In the present study in groups treated by 200 and 400 mg/kg extract any inflammation and accumulation in the liver tissue was observed. All of symptoms that mentioned were improved in B.S treatment groups. Administration of 600 mg/kg of extract in the diabetic group had increased symptoms. The use of B.S extract in 200,400 doses could help prevent complications of diabetes in the kidneys (Figures 4 c and d). These complications were including: cell lyses occurred in the tubules of the kidney and cortex has been damaged, the distal and proximal tubules were destructed. The cortex of is not normal intact but Bowman’s capsule is not injured. Urinary space dilated, and the Malpighi body is wrinkled in some parts. (Figures 1 and 2 b)

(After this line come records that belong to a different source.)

(* Let $n\in\mathbb{N}$ and $S_{n,-1}(x)=\sum_{k=0}^n\Big(\binom{n}{k}x^k(1-x)^{n-k}\Big)^2$ for $x\in[0,1]$. Then $$S_{n,-1}^{(2j)}\!\left(\tfrac12\right)>0,\qquad j=0,1,\dots,n.$$
   Context: $S_{n,-1}^{(m)}$ denotes the $m$-th derivative of the polynomial $S_{n,-1}$. *)

theory Defs
  imports "HOL-Computational_Algebra.Polynomial"
begin

definition S_neg1 :: "nat \<Rightarrow> real poly" where
  "S_neg1 n = (\<Sum>k = 0..n. (smult (real (n choose k)) ([:0, 1:] ^ k * [:1, -1:] ^ (n - k))) ^ 2)"

end

theory Submission
  imports Defs
begin

text \<open>Put \<open>x = 1/2 + t\<close>, \<open>a = 1/2 + t\<close>, \<open>b = 1/2 - t\<close>. Then \<open>S\<^sub>n\<^sub>,\<^sub>-\<^sub>1(x)\<close> is the middle
  coefficient (of \<open>y\<^sup>n\<close>) of \<open>((b + a y)(a + b y))\<^sup>n = (t\<^sup>2 R + P)\<^sup>n\<close> with
  \<open>R = -(1 - y)\<^sup>2\<close> and \<open>P = (1 + y)\<^sup>2/4\<close>. Expanding binomially, the coefficient of \<open>t\<^sup>2\<^sup>i\<close> is
  \<open>binom n i\<close> times the middle coefficient of \<open>R\<^sup>i P\<^sup>n\<^sup>-\<^sup>i\<close>, which up to a positive factor and the sign
  \<open>(-1)\<^sup>i\<close> is the middle coefficient of \<open>G\<^sup>2\<close> for \<open>G = (1 - y)\<^sup>i (1 + y)\<^sup>n\<^sup>-\<^sup>i\<close>. Since \<open>G\<close> is
  palindromic up to the same sign \<open>(-1)\<^sup>i\<close>, that middle coefficient is \<open>(-1)\<^sup>i\<close> times the sum
  of the squares of the coefficients of \<open>G\<close>; so all Taylor coefficients of \<open>S\<^sub>n\<^sub>,\<^sub>-\<^sub>1\<close> at \<open>1/2\<close>
  of even order are positive.\<close>

lemma higher_pderiv_pcompose_linear:
  fixes p :: "'a :: idom poly"
  shows "(pderiv ^^ m) (p \<circ>\<^sub>p [:c, 1:]) = (pderiv ^^ m) p \<circ>\<^sub>p [:c, 1:]"
  by (induction m) (simp_all add: pderiv_pcompose pderiv_pCons)

lemma poly_higher_pderiv_eq_coeff_pcompose:
  fixes p :: "'a :: field_char_0 poly"
  shows "poly ((pderiv ^^ m) p) c = fact m * coeff (p \<circ>\<^sub>p [:c, 1:]) m"
proof -
  have "poly ((pderiv ^^ m) p) c = poly ((pderiv ^^ m) p \<circ>\<^sub>p [:c, 1:]) 0"
    by (simp add: poly_pcompose)
  also have "\<dots> = coeff ((pderiv ^^ m) (p \<circ>\<^sub>p [:c, 1:])) 0"
    by (simp add: higher_pderiv_pcompose_linear poly_0_coeff_0)
  also have "\<dots> = fact m * coeff (p \<circ>\<^sub>p [:c, 1:]) m"
    by (simp add: coeff_higher_pderiv pochhammer_fact)
  finally show ?thesis .
qed

lemma sum_binomial_squares_eq_coeff:
  fixes a b :: "'a :: comm_semiring_1"
  shows "(\<Sum>k\<le>n. (of_nat (n choose k) * a ^ k * b ^ (n - k))\<^sup>2)
     = coeff ([:b, a:] ^ n * [:a, b:] ^ n) n"
  unfolding coeff_mult
proof (rule sum.cong)
  fix k assume "k \<in> {..n}"
  then have k: "k \<le> n" by simp
  then show "(of_nat (n choose k) * a ^ k * b ^ (n - k))\<^sup>2
      = coeff ([:b, a:] ^ n) k * coeff ([:a, b:] ^ n) (n - k)"
    by (simp add: coeff_linear_poly_power binomial_symmetric[OF k, symmetric]
        power2_eq_square mult_ac)
qed simp

lemma coeff_mult_self_degree_if_reflect:
  fixes p :: "'a :: comm_ring_1 poly"
  assumes "reflect_poly p = smult c p"
  shows "coeff (p * p) (degree p) = c * (\<Sum>m\<le>degree p. (coeff p m)\<^sup>2)"
proof -
  have "coeff p (degree p - m) = c * coeff p m" if "m \<le> degree p" for m
    using that arg_cong[OF assms, of "\<lambda>q. coeff q m"] by (simp add: coeff_reflect_poly)
  then show ?thesis
    by (simp add: coeff_mult sum_distrib_left power2_eq_square mult_ac)
qed

lemma sum_coeff_squares_pos:
  fixes p :: "'a :: linordered_idom poly"
  assumes "p \<noteq> 0"
  shows "(\<Sum>m\<le>degree p. (coeff p m)\<^sup>2) > 0"
proof -
  have "0 < (lead_coeff p)\<^sup>2"
    using assms by simp
  also have "\<dots> \<le> (\<Sum>m\<le>degree p. (coeff p m)\<^sup>2)"
    using member_le_sum[of "degree p" "{..degree p}" "\<lambda>m. (coeff p m)\<^sup>2"] by simp
  finally show ?thesis .
qed

lemma reflect_poly_one_minus_one_plus:
  "reflect_poly ([:1, -1:] ^ i * [:1, 1:] ^ m :: 'a :: idom poly)
     = smult ((-1) ^ i) ([:1, -1:] ^ i * [:1, 1:] ^ m)"
proof -
  have minus: "reflect_poly [:1, -1::'a:] = smult (-1) [:1, -1:]"
    by (simp add: reflect_poly_pCons)
  have plus: "reflect_poly [:1, 1::'a:] = [:1, 1:]"
    by (simp add: reflect_poly_pCons)
  show ?thesis
    by (simp only: reflect_poly_mult reflect_poly_power minus plus smult_power mult_smult_left)
qed

lemma middle_coeff_pos:
  fixes i n :: nat
  assumes "i \<le> n"
  shows "coeff ([:-1, 2, -1:] ^ i * [:1/4, 1/2, 1/4:] ^ (n - i) :: real poly) n > 0"
proof -
  define G :: "real poly" where "G = [:1, -1:] ^ i * [:1, 1:] ^ (n - i)"
  have deg: "degree G = n"
    using assms by (simp add: G_def degree_mult_eq degree_power_eq)
  have "G \<noteq> 0"
    by (simp add: G_def)
  have "reflect_poly G = smult ((-1) ^ i) G"
    unfolding G_def by (rule reflect_poly_one_minus_one_plus)
  have "[:-1, 2, -1:] ^ i * [:1/4, 1/2, 1/4:] ^ (n - i)
      = smult ((-1) ^ i * (1/4) ^ (n - i)) (G * G)"
  proof -
    have "[:-1, 2, -1:] = smult (-1) ([:1, -1:] * [:1, -1:] :: real poly)"
      and "[:1/4, 1/2, 1/4:] = smult (1/4) ([:1, 1:] * [:1, 1:] :: real poly)"
      by simp_all
    then show ?thesis
      by (simp only: G_def smult_power power_mult_distrib smult_smult mult_smult_left
          mult_smult_right mult_ac)
  qed
  then have "coeff ([:-1, 2, -1:] ^ i * [:1/4, 1/2, 1/4:] ^ (n - i)) n
      = (1/4) ^ (n - i) * (\<Sum>m\<le>n. (coeff G m)\<^sup>2)"
    using coeff_mult_self_degree_if_reflect[OF \<open>reflect_poly G = _\<close>]
    by (simp add: deg flip: power_mult_distrib)
  with sum_coeff_squares_pos[OF \<open>G \<noteq> 0\<close>] show ?thesis
    by (simp add: deg)
qed

lemma poly_S_neg1_shifted:
  fixes t :: real
  shows "poly (S_neg1 n \<circ>\<^sub>p [:1/2, 1:]) t
     = (\<Sum>i\<le>n. real (n choose i) * coeff ([:-1, 2, -1:] ^ i * [:1/4, 1/2, 1/4:] ^ (n - i)) n
                 * t ^ (2 * i))"
proof -
  define a where "a = 1/2 + t"
  define b where "b = 1/2 - t"
  define R :: "real poly" where "R = [:-1, 2, -1:]"
  define P :: "real poly" where "P = [:1/4, 1/2, 1/4:]"
  have "poly (S_neg1 n \<circ>\<^sub>p [:1/2, 1:]) t
      = (\<Sum>k\<le>n. (real (n choose k) * a ^ k * b ^ (n - k))\<^sup>2)"
    by (simp add: S_neg1_def poly_pcompose poly_sum a_def b_def mult.assoc atLeast0AtMost)
  also have "\<dots> = coeff (([:b, a:] * [:a, b:]) ^ n) n"
    using sum_binomial_squares_eq_coeff[of n a b] by (simp only: power_mult_distrib)
  also have "[:b, a:] * [:a, b:] = smult (t\<^sup>2) R + P"
    by (simp add: a_def b_def R_def P_def algebra_simps power2_eq_square)
  also have "coeff ((smult (t\<^sup>2) R + P) ^ n) n
      = (\<Sum>i\<le>n. real (n choose i) * coeff (R ^ i * P ^ (n - i)) n * t ^ (2 * i))"
    by (simp add: binomial_ring coeff_sum of_nat_poly smult_power mult_ac flip: power_mult)
  finally show ?thesis
    by (simp add: R_def P_def)
qed

theorem mainTheorem5:
  fixes n j :: nat
  assumes "j \<le> n"
  shows "poly ((pderiv ^^ (2 * j)) (S_neg1 n)) (1 / 2) > 0"
proof -
  define e where "e i = coeff ([:-1, 2, -1:] ^ i * [:1/4, 1/2, 1/4:] ^ (n - i) :: real poly) n" for i
  define U where "U = (\<Sum>i\<le>n. monom (real (n choose i) * e i) (2 * i))"
  have "poly (S_neg1 n \<circ>\<^sub>p [:1/2, 1:]) = poly U"
    by (simp add: fun_eq_iff poly_S_neg1_shifted U_def e_def poly_sum poly_monom)
  then have "S_neg1 n \<circ>\<^sub>p [:1/2, 1:] = U"
    by (simp add: poly_eq_poly_eq_iff)
  moreover have "coeff U (2 * j) = real (n choose j) * e j"
    using assms by (simp add: U_def coeff_sum)
  moreover have "e j > 0"
    unfolding e_def using assms by (rule middle_coeff_pos)
  ultimately show ?thesis
    using assms by (simp add: poly_higher_pderiv_eq_coeff_pcompose)
qed

end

B.S extracts used in appropriate doses, while having anti-hyperglycemia effect on blood sugar can be prevented complications of diabetes in liver and kidney. Boswellia serrata could probably decrease the pregnancy rate. This data suggests that diabetes increases the number of fetus, significantly fetus resorption, and decreases the fetus length. The crown-to-rump length is likely a reflection of a general environmental stress factor during embryonic growth (23). In previous studies conducted in this field has also been shown that fetuses of diabetic mothers give birth to smaller ones. In the diabetic groups a decrease was seen in the crown-rump length of embryos (24). Studies show that the rate of spontaneous abortion, miscarriage and perinatal mortality in diabetic mothers was higher in the poor glycemic control groups (5).